Limitations & Future Work

  • Assumes each new token appears with uniform probability in training data, but real-world frequency distributions may be strongly coupled with the "cluster of mapped old tokens" (high-frequency words are more likely to pollute old transitions).
  • Assumes the LLM is sufficiently expressive (\(f\) is Lipschitz and can precisely realize any sparse combination); if model capacity is limited or new concepts are far from the original dictionary coverage, the sparsity assumption may break down.
  • The method by default "does not allow transitions from old tokens to new tokens," meaning new words can only be "summoned" but not naturally generated in output, which is a clear constraint for generative applications and acknowledged as future work.

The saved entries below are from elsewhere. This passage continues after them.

theorem corollary4:
  fixes G :: "('a, 'i) game"
  assumes "wf_game G" and "no_absentmindedness G"
  shows "VoR_opt_class G \<le> real (beta_max G)"
proof -
  have "VoR_opt G u \<le> real (beta_max G)" if u: "\<forall>z\<in>leaves G. 0 \<le> u z" for u
  proof -
    have "opt_val G (pr1_labels G) u \<le> real (beta_max G) * opt_val G (info G) u"
      using assms u by (intro opt_val_refinement_le) (auto simp: pr1_labels_def)
    moreover have "0 \<le> opt_val G (info G) u"
      using opt_val_nonneg[OF assms(1) wf_game_action_consistent_info[OF assms(1)] u] .
    ultimately show ?thesis
      by (cases "opt_val G (info G) u = 0") (simp_all add: VoR_opt_def pos_divide_le_eq)
  qed
  then show ?thesis unfolding VoR_opt_class_def by (intro cSUP_least) auto
qed

end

  • No experiments on complex structures involving "mutual transitions among new tokens" (e.g., learning an entire network of new domain terms), only "single-point expansion" is validated.

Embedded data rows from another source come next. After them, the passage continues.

lemma sum_swap_factor:
  fixes u :: "'i \<Rightarrow> 'a::semiring_0"
  shows "(\<Sum>l\<in>UNIV. \<Sum>b\<in>UNIV. u b * f b l) = (\<Sum>b\<in>UNIV. u b * (\<Sum>l\<in>UNIV. f b l))"
  unfolding sum_distrib_left by (rule sum.swap)

lemma dChr_lin_jet2_symbol:
  "dChr_lin g (jet2_symbol \<xi> h) k a b c
     = -(1/2) * \<xi> $ c * (\<xi> $ a * raise_snd g h b k + \<xi> $ b * raise_snd g h a k - raise g \<xi> k * h $ a $ b)"
  unfolding dChr_lin_def jet2_symbol_def raise_snd_def raise_def sum_collect
  by (rule sum.cong) (auto simp: algebra_simps)

lemma Riem_up_lin_jet2_symbol:
  "Riem_up_lin g (jet2_symbol \<xi> h) a b c d
     = -(1/2) * (\<xi> $ a * \<xi> $ c * raise_snd g h b d - \<xi> $ a * raise g \<xi> d * h $ b $ c
                 - \<xi> $ b * \<xi> $ c * raise_snd g h a d + \<xi> $ b * raise g \<xi> d * h $ a $ c)"
  unfolding Riem_up_lin_def dChr_lin_jet2_symbol by (simp add: algebra_simps)

lemma contract_Kulkarni_Nomizu:
  fixes u w :: "'n::finite \<Rightarrow> real" and g :: "real^'n^'n" and R P :: "'n \<Rightarrow> 'n \<Rightarrow> real"
  assumes lower: "\<And>b. (\<Sum>d\<in>UNIV. u d * g $ b $ d) = w b" "\<And>b. (\<Sum>d\<in>UNIV. u d * g $ d $ b) = w b"
    and P_commute: "\<And>x y. P x y = P y x"
  shows "(\<Sum>a\<in>UNIV. \<Sum>d\<in>UNIV. u a * u d *
            (R a d + P a c * g $ b $ d - P b c * g $ a $ d + P b d * g $ a $ c - P a d * g $ b $ c))
       = (\<Sum>a\<in>UNIV. \<Sum>d\<in>UNIV. u a * u d * R a d)
         + w b * (\<Sum>a\<in>UNIV. u a * P a c) + w c * (\<Sum>a\<in>UNIV. u a * P a b)
         - (\<Sum>a\<in>UNIV. u a * w a) * P b c - g $ b $ c * (\<Sum>a\<in>UNIV. u a * (\<Sum>d\<in>UNIV. u d * P d a))"
proof -
  have "(\<Sum>a\<in>UNIV. \<Sum>d\<in>UNIV. u a * u d *
            (R a d + P a c * g $ b $ d - P b c * g $ a $ d + P b d * g $ a $ c - P a d * g $ b $ c))
      = (\<Sum>a\<in>UNIV. \<Sum>d\<in>UNIV. u a * u d * R a d)
        + (\<Sum>a\<in>UNIV. u a * P a c * (\<Sum>d\<in>UNIV. u d * g $ b $ d))
        - (\<Sum>a\<in>UNIV. u a * P b c * (\<Sum>d\<in>UNIV. u d * g $ a $ d))
        + (\<Sum>a\<in>UNIV. u a * g $ a $ c * (\<Sum>d\<in>UNIV. u d * P b d))
        - (\<Sum>a\<in>UNIV. u a * g $ b $ c * (\<Sum>d\<in>UNIV. u d * P d a))"
    unfolding sum_collect by (intro sum.cong refl) (simp add: P_commute algebra_simps)
  moreover have "(\<Sum>a\<in>UNIV. u a * P a c * (\<Sum>d\<in>UNIV. u d * g $ b $ d)) = w b * (\<Sum>a\<in>UNIV. u a * P a c)"
    by (simp add: lower sum_distrib_left ac_simps)
  moreover have "(\<Sum>a\<in>UNIV. u a * P b c * (\<Sum>d\<in>UNIV. u d * g $ a $ d)) = (\<Sum>a\<in>UNIV. u a * w a) * P b c"
    by (simp add: lower sum_distrib_left sum_distrib_right ac_simps)
  moreover have "(\<Sum>a\<in>UNIV. u a * g $ a $ c * (\<Sum>d\<in>UNIV. u d * P b d)) = w c * (\<Sum>a\<in>UNIV. u a * P a b)"
  proof -
    have "(\<Sum>a\<in>UNIV. u a * g $ a $ c * (\<Sum>d\<in>UNIV. u d * P b d))
        = (\<Sum>a\<in>UNIV. u a * g $ a $ c) * (\<Sum>d\<in>UNIV. u d * P b d)"
      by (simp add: sum_distrib_right)
    then show ?thesis
      by (simp add: lower P_commute[of b])
  qed
  moreover have "(\<Sum>a\<in>UNIV. u a * g $ b $ c * (\<Sum>d\<in>UNIV. u d * P d a))
      = g $ b $ c * (\<Sum>a\<in>UNIV. u a * (\<Sum>d\<in>UNIV. u d * P d a))"
    by (simp add: sum_distrib_left ac_simps)
  ultimately show ?thesis
    by simp
qed

locale metric_symbol =
  fixes g h :: "real^'n::finite^'n" and \<xi> :: "real^'n"
  assumes g_symmetric: "transpose g = g"
    and g_invertible: "invertible g"
    and h_symmetric: "transpose h = h"
begin

lemma g_commute: "g $ a $ b = g $ b $ a"
  using arg_cong[OF g_symmetric, of "\<lambda>M. M $ b $ a"] by (simp add: transpose_def)

lemma h_commute: "h $ a $ b = h $ b $ a"
  using arg_cong[OF h_symmetric, of "\<lambda>M. M $ b $ a"] by (simp add: transpose_def)

lemma ginv_commute: "ginv g a b = ginv g b a"
  using arg_cong[OF transpose_matrix_inv_symmetric[OF g_invertible g_symmetric], of "\<lambda>M. M $ b $ a"]
  by (simp add: ginv_def transpose_def)

lemma lower_raised: "(\<Sum>e\<in>UNIV. (\<Sum>l\<in>UNIV. ginv g e l * f l) * g $ e $ d) = f d"
proof -
  have "(\<Sum>e\<in>UNIV. (\<Sum>l\<in>UNIV. ginv g e l * f l) * g $ e $ d)
      = (\<Sum>l\<in>UNIV. f l * (\<Sum>e\<in>UNIV. ginv g l e * g $ e $ d))"
    unfolding sum_distrib_right sum_distrib_left
    by (subst sum.swap) (simp add: ginv_commute ac_simps)
  also have "\<dots> = f d"
    by (simp add: sum_ginv_mult[OF g_invertible] if_distrib cong: if_cong)
  finally show ?thesis .
qed

lemma raise_lower: "(\<Sum>e\<in>UNIV. raise g \<xi> e * g $ e $ d) = \<xi> $ d"
  unfolding raise_def by (rule lower_raised)

lemma raise_snd_lower: "(\<Sum>e\<in>UNIV. raise_snd g h b e * g $ e $ d) = h $ b $ d"
  unfolding raise_snd_def by (rule lower_raised)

  • vs LoRA / PT / Adapter: These reduce the number of updated parameters but cannot guarantee update directions are orthogonal to old transitions, so forgetting remains uncontrollable; this method directly leverages the orthogonal structure between the embedding table and transition graph, making zero forgetting a structural guarantee rather than a tuning outcome.
  • vs EWC / GEM / replay: Classical continual learning methods suppress forgetting via regularization or replay, but scaling to LLMs remains challenging; this method requires no replay of old data or Fisher information, only updating new embeddings.
  • vs FlexOlmo / model editing: Those methods assume "target behavior first, then edit," whereas this work "structurally isolates forgetting by constraining the update space"—the two paradigms are complementary.
  • vs Markov-LM related work (Zekri et al., Yüksel & Flammarion): They analyze transformer learning ability from a Markov perspective; this work uses the mathematical path to design a concrete continual learning algorithm.

Rating

  • Novelty: ⭐⭐⭐⭐ Combines the Markov perspective with the sparse dictionary assumption to provide provable sample complexity; the theoretical framework is refreshing.
  • Experimental Thoroughness: ⭐⭐⭐ Arithmetic + synthetic vocab + three target languages + multiple model scales are covered, but more realistic multi-domain/multi-step expansions are not.
  • Writing Quality: ⭐⭐⭐⭐ The logic from motivation to theorem to algorithm is very smooth, with unified notation and clear definitions.
  • Value: ⭐⭐⭐⭐ Provides a minimal solution where "zero forgetting + sample efficiency" can be achieved simultaneously, serving as a strong baseline for the continual learning community.